STATEMENT 

 
   

 

Testimony of Alex Bonness

My name is Alex Bonness. I am fifteen years old and I am Eric's younger brother. I was diagnosed with juvenile diabetes when I was four. I don't remember the day I found out I had diabetes but I do remember being really scared of the finger pokes and shots. When I was diagnosed, no one on either side of our family had juvenile diabetes so living with it was a big shock to us. I remember feeling lost, confused, and alone. Some nights, I would throw tantrums and cry when it was time to go to bed. I never talked about why I did it. My parents thought it was because I afraid of the imaginary monster in my closet. Boy were they wrong! I was afraid of a monster alright, but it wasn't in my closet. It was diabetes.

When I was seven, I felt like I was saved. That's when Eric was also diagnosed with diabetes. I know it sounds terrible to say I felt like I was saved because my big brother was diagnosed with diabetes. How could such a bad thing become a good thing? I was sad Eric had to go through so much pain because of diabetes, but somehow I no longer felt so alone with my disease. When Eric reached out to me, I made sure I was there for him. Don't get me wrong-Eric can be a real "pain". But it was important for me to help him.
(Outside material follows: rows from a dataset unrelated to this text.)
(* For every infinite set $\Lambda\subseteq\mathbb{N}$ there exists an increasing sequence $(N_t)_{t\ge0}$ of elements of $\Lambda$ such that for all $n\ge0$, $c\in\{0,1\}$ and $k\in\mathbb{Z}$: (1) the limit $\mu_n(c,k)=\lim_{t\to\infty}\dfrac{C_n\big(c,k,(2/3)^nN_t\big)}{(2/3)^nN_t}$ exists; (2) $\mu_n(c,k+2^n)=\mu_n(c,k)$; (3) letting $q_n$ be an integer with $3q_n\equiv1\pmod{2^{n+1}}$, \[ \tfrac32\,\mu_n(c,k)=\mu_{n+1}(c,2q_nk)+\mu_{n+1}(\bar c,2q_nk-q_n)+\mu_{n+1}(c,2q_nk-2q_n), \] where $\bar c=1-c$; (4) $\mu_n(0,k)+\mu_n(1,k)=2^{-n}$.
   Context: The Thue--Morse word in base $3/2$ is the unique binary sequence $\mathbf{t}_{3/2}=(t_i)_{i\ge0}$ with $t_0=0$, $t_{3n}=t_{3n+1}=t_{2n}$ and $t_{3n+2}=1-t_{2n+1}$ for all $n\ge0$ (equivalently, $t_i$ is the digit sum modulo $2$ of the base-$3/2$ expansion of $i$). For $n\ge0$, $c\in\{0,1\}$, $k\in\mathbb{Z}$ and a real number $\alpha\ge0$, $C_n(c,k,\alpha)=\#\{i\in\mathbb{Z}: 0\le i<\alpha,\ t_i=c,\ i\equiv k\pmod{2^n}\}$. *)

theory Defs
  imports "HOL-Analysis.Analysis" "HOL-Number_Theory.Cong"
begin

function tm32 :: "nat \<Rightarrow> nat" where
  "tm32 i = (if i = 0 then 0
             else if i mod 3 = 2 then 1 - tm32 (2 * (i div 3) + 1)
             else tm32 (2 * (i div 3)))"
  by auto
termination
  by (relation "Wellfounded.measure id") (auto, presburger+)

declare tm32.simps [simp del]

lemma tm32_0: "tm32 0 = 0" by (subst tm32.simps) simp

definition Ccount :: "nat \<Rightarrow> nat \<Rightarrow> int \<Rightarrow> real \<Rightarrow> nat" where
  "Ccount n c k \<alpha> = card {i::nat. real i < \<alpha> \<and> tm32 i = c \<and> [int i = k] (mod 2 ^ n)}"

end

theory Submission
  imports Defs "HOL-Library.Diagonal_Subsequence"
begin

(* The recursion of t sends the indices 3m, 3m+1, 3m+2 to 2m, 2m, 2m+1, and since 2q inverts 3
   modulo 2^(n+1) up to the factor 2, the residue class k modulo 2^n of these indices corresponds
   to the classes 2qk, 2qk-2q, 2qk-q modulo 2^(n+1) of their images; the other parity never meets
   these classes. Hence C_n(c,k,3M) is exactly the sum of the three counts C_(n+1)(...,2M) of (3),
   and for real alpha the two sides of (3) and (4) differ by a bounded amount. After division by
   (2/3)^n N_t these errors vanish, so (3) and (4) hold for any limits; the limits exist along a
   diagonal subsequence of Lambda because the countably many normalised counts are bounded. *)

definition count_below :: "(nat \<Rightarrow> bool) \<Rightarrow> nat \<Rightarrow> nat" where
  "count_below P L = card {i. i < L \<and> P i}"

lemma count_below_0 [simp]: "count_below P 0 = 0"
  by (simp add: count_below_def)

lemma count_below_Suc [simp]: "count_below P (Suc L) = count_below P L + of_bool (P L)"
proof -
  have "{i. i < Suc L \<and> P i} = (if P L then insert L {i. i < L \<and> P i} else {i. i < L \<and> P i})"
    by (auto simp: less_Suc_eq)
  then show ?thesis by (simp add: count_below_def)
qed

lemma count_below_add:
  "count_below P (L + d) = count_below P L + count_below (\<lambda>j. P (L + j)) d"
  by (induction d) simp_all

lemma count_below_le: "count_below P L \<le> L"
  by (induction L) simp_all

lemma count_below_disj:
  assumes "\<And>i. \<not> (P i \<and> Q i)"
  shows "count_below (\<lambda>i. P i \<or> Q i) L = count_below P L + count_below Q L"
  using assms by (induction L) auto

lemma count_below_lipschitz:
  "\<bar>real (count_below P L) - real (count_below P L')\<bar> \<le> \<bar>real L - real L'\<bar>"
proof -
  have "count_below P L \<le> count_below P (L + d) \<and> count_below P (L + d) \<le> count_below P L + d"
    for L d using count_below_le[of "\<lambda>j. P (L + j)" d] by (simp add: count_below_add)
  from this[of L "L' - L"] this[of L' "L - L'"] show ?thesis
    by (cases "L \<le> L'") auto
qed

lemma nat_ceiling_dist: "\<bar>real (nat \<lceil>\<alpha>\<rceil>) - real (nat \<lceil>\<beta>\<rceil>)\<bar> \<le> \<bar>\<alpha> - \<beta>\<bar> + 1"
proof -
  have "real (nat \<lceil>x\<rceil>) = max 0 (of_int \<lceil>x\<rceil>)" for x :: real
    by (simp add: max_def)
  with ceiling_correct[of \<alpha>] ceiling_correct[of \<beta>] show ?thesis
    by (simp add: max_def abs_if) linarith
qed

lemma count_below_ceiling_dist:
  "\<bar>real (count_below P (nat \<lceil>\<alpha>\<rceil>)) - real (count_below P L)\<bar> \<le> \<bar>\<alpha> - real L\<bar> + 1"
  using count_below_lipschitz[of P "nat \<lceil>\<alpha>\<rceil>" L] nat_ceiling_dist[of \<alpha> "real L"] by simp

lemma count_below_cong_modulus:
  assumes "0 < M"
  shows "count_below (\<lambda>i. [int i = k] (mod int M)) (M * D) = D"
proof (induction D)
  case (Suc D)
  have "[int (M * D + j) = k] (mod int M) \<longleftrightarrow> [int j = k] (mod int M)" for j
    by (simp add: cong_def mod_add_left_eq[symmetric])
  moreover have "{j. j < M \<and> [int j = k] (mod int M)} = {nat (k mod int M)}"
    using assms by (auto simp: cong_def nat_less_iff)
  ultimately have "count_below (\<lambda>j. [int (M * D + j) = k] (mod int M)) M = 1"
    by (simp add: count_below_def)
  then show ?case
    using Suc.IH count_below_add[of _ "M * D" M] by (simp add: add.commute)
qed simp

lemma cong_double_modulus_odd_iff:
  fixes a b M :: int
  assumes "[a = b] (mod 2 * M)"
  shows "odd a \<longleftrightarrow> odd b"
proof -
  have "[a = b] (mod 2)" using assms by (rule cong_dvd_modulus) simp
  then show ?thesis by (simp add: cong_iff_dvd_diff)
qed

lemma cong_mult_3_iff:
  fixes x k q M :: int
  assumes "[3 * q = 1] (mod 2 * M)"
  shows "[3 * x = k] (mod M) \<longleftrightarrow> [2 * x = 2 * q * k] (mod 2 * M)"
proof -
  have q: "2 * M dvd 3 * q - 1" using assms by (simp add: cong_iff_dvd_diff)
  have "2 * M dvd 2 * (3 * x - k) \<longleftrightarrow> 2 * M dvd 2 * x - 2 * q * k"
  proof
    assume "2 * M dvd 2 * (3 * x - k)"
    then have "2 * M dvd q * (2 * (3 * x - k)) - (3 * q - 1) * (2 * x)"
      using q by (rule dvd_diff[OF dvd_mult dvd_mult2])
    then show "2 * M dvd 2 * x - 2 * q * k" by (simp add: algebra_simps)
  next
    assume "2 * M dvd 2 * x - 2 * q * k"
    then have "2 * M dvd 3 * (2 * x - 2 * q * k) + (3 * q - 1) * (2 * k)"
      using q by (rule dvd_add[OF dvd_mult dvd_mult2])
    then show "2 * M dvd 2 * (3 * x - k)" by (simp add: algebra_simps)
  qed
  moreover have "M dvd 3 * x - k \<longleftrightarrow> 2 * M dvd 2 * (3 * x - k)"
    by (simp only: dvd_times_left_cancel_iff)
  ultimately show ?thesis by (simp add: cong_iff_dvd_diff)
qed

lemma cong_mult_3_plus_iff:
  fixes x k q M :: int
  assumes "[3 * q = 1] (mod 2 * M)"
  shows "[3 * x + 1 = k] (mod M) \<longleftrightarrow> [2 * x = 2 * q * k - 2 * q] (mod 2 * M)"
    and "[3 * x + 2 = k] (mod M) \<longleftrightarrow> [2 * x + 1 = 2 * q * k - q] (mod 2 * M)"
proof -
  have plus_j: "[3 * x + j = k] (mod M) \<longleftrightarrow> [2 * x = 2 * q * (k - j)] (mod 2 * M)" for j
  proof -
    have "[3 * x + j = k] (mod M) \<longleftrightarrow> [3 * x = k - j] (mod M)"
      by (simp add: cong_iff_dvd_diff algebra_simps)
    also have "\<dots> \<longleftrightarrow> [2 * x = 2 * q * (k - j)] (mod 2 * M)" by (rule cong_mult_3_iff[OF assms])
    finally show ?thesis .
  qed
  have "2 * M dvd 3 * q - 1" using assms by (simp add: cong_iff_dvd_diff)
  then have "[a = b] (mod 2 * M) \<longleftrightarrow> [a + 1 = b + 3 * q] (mod 2 * M)" for a b
    using dvd_diff_left_iff[of "2 * M" "3 * q - 1" "a - b"] by (simp add: cong_iff_dvd_diff algebra_simps)
  from this[of "2 * x" "2 * q * (k - 2)"] plus_j[of 2]
  show "[3 * x + 2 = k] (mod M) \<longleftrightarrow> [2 * x + 1 = 2 * q * k - q] (mod 2 * M)"
    by (simp add: algebra_simps)
  show "[3 * x + 1 = k] (mod M) \<longleftrightarrow> [2 * x = 2 * q * k - 2 * q] (mod 2 * M)"
    using plus_j[of 1] by (simp add: algebra_simps)
qed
As Eric and I have grown up together, we have always told each other we can beat diabetes. I know we can. But as I get older, my fears about diabetes seem to grow too. When Eric hit his teenage growth spurt, I watched his uncontrollable blood sugars skyrocket to extremely high levels because of his changing hormones. It scared me to death. I worried about Eric. Now, I am about to hit my teenage growth spurt-and I worry about me. I have cried myself to sleep. I have also cried with my mom about what scares me most: long-term diabetes complications like blindness and amputations. Mom always tries to comfort me. But she and I both know, I have had diabetes for ten years-complications could occur at anytime. For example, I have to go to the eye doctor every year. At my last eye appointment, I sat on pins and needles with every word my eye doctor said. She saw no signs of complications-yet! On the way home, I thought about what I would have done if she had seen blood vessels in my retina starting to deteriorate. I am not a little kid any more. I know my brother can't save me from going blind. But I also know that research can! And you can make that happen!

Thank you.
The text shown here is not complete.